Having this in mind, you should never be tempted to directly edit a configuration file managed by Zentyal in /etc. It’s clearly better to edit the template, because that way it doesn’t matter if the configuration is rewritten, it will always contain your modifications. But this is not a perfect solution, what happens when the Zentyal module that contains the template is updated? Yes, the template is also overwritten. To avoid this, we introduced a hooks mechanism some time ago.
Under /etc/ebox/hooks you can add scripts (in any language) that will be executed before and after writing the configuration, and also before and after restarting the service daemons. In this directory you can find generic example files for the four types of supported hooks (presetconf, postsetconf, preservice and postservice). And in addition, you find here an already created firewall.postservice hook script that directly allows you to add any custom iptables rule you may want to add.
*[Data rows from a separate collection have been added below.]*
definition ternary :: "nat \<Rightarrow> real \<Rightarrow> real \<Rightarrow> (nat \<Rightarrow> real) \<Rightarrow> bool" where
  "ternary n a b x \<longleftrightarrow> (\<forall>i<n. x i \<in> {-b, 0, a})"

definition ternary_minimizer ::
    "nat \<Rightarrow> (nat \<Rightarrow> real) \<Rightarrow> (nat \<Rightarrow> real) \<Rightarrow> real \<Rightarrow> real \<Rightarrow> (nat \<Rightarrow> real) \<Rightarrow> bool" where
  "ternary_minimizer n d w a b u \<longleftrightarrow> 0 < a \<and> 0 < b \<and> ternary n a b u \<and>
     (\<forall>x a' b'. 0 < a' \<longrightarrow> 0 < b' \<longrightarrow> ternary n a' b' x \<longrightarrow> wsqdist n d w u \<le> wsqdist n d w x)"

definition block_cost :: "nat \<Rightarrow> (nat \<Rightarrow> real) \<Rightarrow> (nat \<Rightarrow> real) \<Rightarrow> (nat \<Rightarrow> real) \<Rightarrow> (nat \<Rightarrow> real) \<Rightarrow> real" where
  "block_cost m g v d y = (\<Sum>i<m. g i * (y i - v i) + (1/2) * d i * (y i - v i)^2)"

lemma wsqdist_fun_upd:
  assumes "i < n"
  shows "wsqdist n d w (x(i := c)) = wsqdist n d w x - d i * (x i - w i)^2 + d i * (c - w i)^2"
proof -
  have split: "wsqdist n d w y = d i * (y i - w i)^2 + (\<Sum>j\<in>{..<n} - {i}. d j * (y j - w j)^2)" for y
    unfolding wsqdist_def using assms by (subst sum.remove[of _ i]) auto
  have "(\<Sum>j\<in>{..<n} - {i}. d j * ((x(i := c)) j - w j)^2) = (\<Sum>j\<in>{..<n} - {i}. d j * (x j - w j)^2)"
    by (rule sum.cong) auto
  then show ?thesis using split[of x] split[of "x(i := c)"] by simp
qed

lemma wsqdist_replace_level:
  fixes n :: nat and x :: "nat \<Rightarrow> real" and a t :: real
  defines "S \<equiv> {j. j < n \<and> x j = a}"
  shows "wsqdist n d w (\<lambda>j. if j \<in> S then t else x j) - wsqdist n d w x
       = (t - a) * ((\<Sum>j\<in>S. d j) * (t + a) - 2 * (\<Sum>j\<in>S. d j * w j))"
proof -
  have "wsqdist n d w (\<lambda>j. if j \<in> S then t else x j) - wsqdist n d w x
      = (\<Sum>j<n. if x j = a then d j * ((t - w j)^2 - (a - w j)^2) else 0)"
    unfolding wsqdist_def S_def
    by (subst sum_subtractf[symmetric]) (rule sum.cong, auto simp: algebra_simps)
  also have "\<dots> = (\<Sum>j\<in>S. (t - a) * (d j * (t + a) - 2 * (d j * w j)))"
    unfolding S_def
    by (subst sum.inter_filter[symmetric]) (auto intro!: sum.cong simp: power2_eq_square algebra_simps)
  also have "\<dots> = (t - a) * ((\<Sum>j\<in>S. d j) * (t + a) - 2 * (\<Sum>j\<in>S. d j * w j))"
    by (simp add: sum_distrib_left[symmetric] sum_distrib_right sum_subtractf)
  finally show ?thesis .
qed

lemma wsqdist_uminus: "wsqdist n d (\<lambda>i. - w i) (\<lambda>i. - x i) = wsqdist n d w x"
  unfolding wsqdist_def by (rule sum.cong) (auto simp: power2_eq_square algebra_simps)

lemma ternary_minimizer_uminus:
  assumes "ternary_minimizer n d w a b u"
  shows "ternary_minimizer n d (\<lambda>i. - w i) b a (\<lambda>i. - u i)"
  unfolding ternary_minimizer_def
proof (intro conjI allI impI)
  show "0 < b" "0 < a" "ternary n b a (\<lambda>i. - u i)"
    using assms by (auto simp: ternary_minimizer_def ternary_def)
  fix x a' b' assume "0 < a'" "0 < b'" "ternary n a' b' x"
  moreover from \<open>ternary n a' b' x\<close> have "ternary n b' a' (\<lambda>i. - x i)"
    unfolding ternary_def by auto
  ultimately have "wsqdist n d w u \<le> wsqdist n d w (\<lambda>i. - x i)"
    using assms unfolding ternary_minimizer_def by blast
  then show "wsqdist n d (\<lambda>i. - w i) (\<lambda>i. - u i) \<le> wsqdist n d (\<lambda>i. - w i) x"
    using wsqdist_uminus[of n d w u] wsqdist_uminus[of n d w "\<lambda>i. - x i"] by simp
qed
(* Let $h:(0,\infty)\to(0,2]$ be smooth with $h(t)=1$ for $t\le\frac12$ and $h(t)=\frac1t$ for $t\ge1$, and let $\widehat V(q,p)=\sum_{i=1}^n(p_i+h(|q|)q_i)\partial_{p_i}$ on $T^*\mathbb{R}^n$ (with $\widehat V(0,p)=\sum_i p_i\partial_{p_i}$). Then $\widehat V$ is a Liouville vector field for $\omega_0$, and the vector field on $W\setminus Y$ given by $\pi_*\widehat V$ on each copy $\pi(\mathbb{R}^{2n}\times\{\pm1\})$ extends uniquely to a $b^3$-vector field $V$ on $(W,Y)$ which is a Liouville $b^3$-vector field for $\omega_b$, i.e. $\mathcal{L}_V\omega_b=\omega_b$.
   Context: Fix $n\ge1$. Identify $\mathbb{R}^{2n}=T^*\mathbb{R}^n$ with coordinates $(q,p)$ and $\omega_0=\sum dq_i\wedge dp_i$. Realize $T^*S^{n-1}=\{(\psi,\zeta)\in\mathbb{R}^n\times\mathbb{R}^n:|\psi|=1,\ \psi\cdot\zeta=0\}$ with symplectic form the restriction of $\sum d\psi_i\wedge d\zeta_i$. Let $\widetilde W=\mathbb{R}^2\times T^*S^{n-1}$ with coordinates $(z,P_r,\psi,\zeta)$, $\widetilde Y=\{z=0\}$. Define $f:\widetilde W\setminus\widetilde Y\to\mathbb{R}^{2n}\times\{-1,1\}$ by $f(z,P_r,\psi,\zeta)=\big((2z^{-2}\psi,\ P_r\psi+\tfrac{z^2}{2}\zeta),\operatorname{sgn}z\big)$; it is a diffeomorphism onto $T^*(\mathbb{R}^n\setminus\{0\})\times\{-1,1\}$. Let $W:=\big((\mathbb{R}^{2n}\times\{-1,1\})\sqcup\widetilde W\big)/\sim$ where $w\sim f(w)$ for $w\in\widetilde W\setminus\widetilde Y$, with the quotient topology; $\pi$ denotes the projection and $Y:=\pi(\widetilde Y)$. The $b^3$-structure near $Y$ is determined by the defining function $z$ ($b^3$-vector fields locally generated by $z^3\partial_z$ and derivatives in the remaining coordinates). $\omega_b$ is the unique $b^3$-symplectic form on $(W,Y)$ with $\pi^*\omega_b=\omega_0$ on $\mathbb{R}^{2n}\times\{-1,1\}$ and $\pi^*\omega_b=-\frac4{z^3}dz\wedge dP_r+\sum d\psi_i\wedge d\zeta_i$ on $\widetilde W$. *)

theory Defs
  imports "HOL-Analysis.Analysis"
begin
Let’s see a practical example. Imagine you want to add ad-blocking capabilities to the Zentyal content filter and you’ve found this post in the community forum explaining how to do it. A better way to do the second step without modifying the template file would be to create a /etc/ebox/hooks/squid.postsetconf script with the following line:
echo "url_rewrite_program /usr/bin/adzapper.wrapper" >> /etc/squid/squid.conf
That way, right after the squid.conf file generation is finished, our customized line will be appended to the end of the file.
So, let’s go now with the new possibility. Maybe it’s a bit overkill in this case, but it is really useful if instead of adding a new line you want to make deeper changes in the configuration template. Just execute the following commands:
mkdir -p /etc/ebox/stubs/squid
cp /usr/share/ebox/stubs/squid/squid.conf.mas /etc/ebox/stubs/squid
echo "url_rewrite_program /usr/bin/adzapper.wrapper" \
After that, our custom line will be added forever to our custom template, and this template will be used for generating the configuration instead of the default one. It won’t get overwritten by any software update. Easy, right?
Finally, I don’t want to finish the post without thanking Oliver, the community member who not only gave the idea, but also sent a patch with his modifications in the Zentyal code. This allowed us to add this improvement quickly. I also want to encourage any of you to follow Oliver’s steps and become active contributors. Together we can make a great project!